Investor Conference Call
Management will conduct a conference call on Wednesday, July 30, 2014 at 9 a.m. MDT (11 a.m. EDT) to discuss the second quarter 2014 financial results. To participate, dial (888) 359-3624 (domestic) or (719) 325-2323 (international); the conference call access number is 2053507. The conference call will also be broadcast live over the Internet at http://www.heska.com. To listen, simply log on to the web at this address at least ten minutes prior to the start of the call to register, download and install any necessary audio software. Telephone replays of the conference call will be available for playback on Heska’s home page at www.heska.com until August 13, 2014. The telephone replay may be accessed by dialing (888) 203-1112 (domestic) or (719) 457-0820 (international). The replay access number is 2053507.
About Heska
Heska Corporation (NASDAQ: HSKA) sells advanced veterinary diagnostic and other specialty veterinary products. Heska’s state-of-the-art offerings to its customers include blood testing instruments and supplies, digital imaging products, software and services, and single use products and services such as in-clinic heartworm diagnostic tests, heartworm preventive products, allergy immunotherapy products and allergy testing. The Company’s core focus is on the canine and feline markets where it strives to provide high value products and unparalleled customer support to veterinarians. For further information on Heska and its products, visit the company’s website at www.heska.com.

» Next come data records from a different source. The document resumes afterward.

lemma moufang_conj_left:
  assumes N: "a \<odot> c a \<in> center M" and comm: "c a \<odot> a = a \<odot> c a"
  shows "c a \<odot> ((y \<odot> a) \<odot> z) = (c a \<odot> y) \<odot> (a \<odot> z)"
proof -
  let ?t = "tr c a" and ?A = "asc a y z"
  have trace_asc: "asc (?t \<odot> w) p q = ?t \<odot> asc w p q" for w p q
    using nucleus_mult_assoc(1)[OF trace_nucleus] by (simp add: asc_eq)
  have "c a \<odot> (y \<odot> a) = (c a \<odot> y) \<odot> a"
    using asc_conj(1)[of a y a] asc_flexible[of a y] by (simp add: asc_eq)
  then have "c a \<odot> ((y \<odot> a) \<odot> z) - (c a \<odot> y) \<odot> (a \<odot> z)
      = asc (c a \<odot> y) a z - asc (c a) (y \<odot> a) z"
    by (simp add: asc_eq)
  also have "asc (c a \<odot> y) a z = ?t \<odot> asc y a z - asc (a \<odot> y) a z"
    using trace_asc[of y a z] by (simp add: conj_eq_trace_diff[of a])
  also have "asc (a \<odot> y) a z = - (?A \<odot> a)"
    using asc_cycle[of z "a \<odot> y" a] asc_swap_13[of z "a \<odot> y" a] asc_mult_middle_left[of a y z]
    by simp
  also have "asc (c a) (y \<odot> a) z = - (a \<odot> ?A)"
    using asc_conj(1)[of a "y \<odot> a" z] asc_swap_13[of a "y \<odot> a" z] asc_mult_middle_right[of z y a]
      asc_swap_13[of z y a]
    by simp
  also have "asc y a z = - ?A"
    using asc_swap_12[of y a z] by simp
  finally have "c a \<odot> ((y \<odot> a) \<odot> z) - (c a \<odot> y) \<odot> (a \<odot> z) = (a \<odot> ?A + ?A \<odot> a) - ?t \<odot> ?A"
    by (simp add: algebra_simps)
  moreover have "a \<odot> a = ?t \<odot> a - a \<odot> c a"
    using comm by (simp add: tr_def)
  then have "asc (a \<odot> a) y z = ?t \<odot> ?A"
    using trace_asc[of a y z] nucleus_asc(1)[OF center_nucleus[OF N]] by simp
  ultimately show ?thesis
    using asc_square_left[of a y z] by simp
qed

text \<open>The element a has the central norm N = a c(a) = c(a) a, with central inverse N';
  then N' c(a) is the two-sided inverse of a.\<close>
definition norm_unit :: "'a \<Rightarrow> 'a \<Rightarrow> 'a \<Rightarrow> bool" where
  "norm_unit a N N' \<longleftrightarrow>
     N \<in> center M \<and> N' \<in> center M \<and> N \<odot> N' = u \<and> a \<odot> c a = N \<and> c a \<odot> a = N"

This announcement contains forward-looking statements regarding Heska’s future financial and operating results, including Heska Imaging. These statements are based on current expectations and are subject to a number of risks and uncertainties. Investors should note that there is an inherent risk in using past results, including trends, to predict future outcomes, including using consumable revenue results to predict future consumable revenue results. In addition, factors that could affect the business and financial results of Heska generally include the following: uncertainties related to the perception of Heska’s products by veterinarians and other veterinary market participants, including changes in such perceptions over time; uncertainties related to new product launches, including but not limited to the timing of such launches, product availability and quality and market penetration; uncertainties related to the success of Heska’s business model over time, including but not limited to uncertainties related to potential changes in the market approach of Heska’s competitors; uncertainties related to Heska’s sales and marketing tactics, including but not limited to bundling programs; risks related to Heska’s reliance on large customers with exclusive or significant rights to certain products Heska manufactures, in particular large pharmaceutical companies that may be involved in acquisitions, divestitures or mergers which could undermine Heska’s business relationship with such entities; risks related to Heska’s reliance on third-party suppliers, including the availability and quality of products from suppliers; risks related to Heska’s reliance on key personnel; and the risks set forth in Heska’s filings and future filings with the Securities and Exchange Commission, including those set forth in Heska’s Quarterly Report on Form 10-Q for the quarter ended March 31, 2014.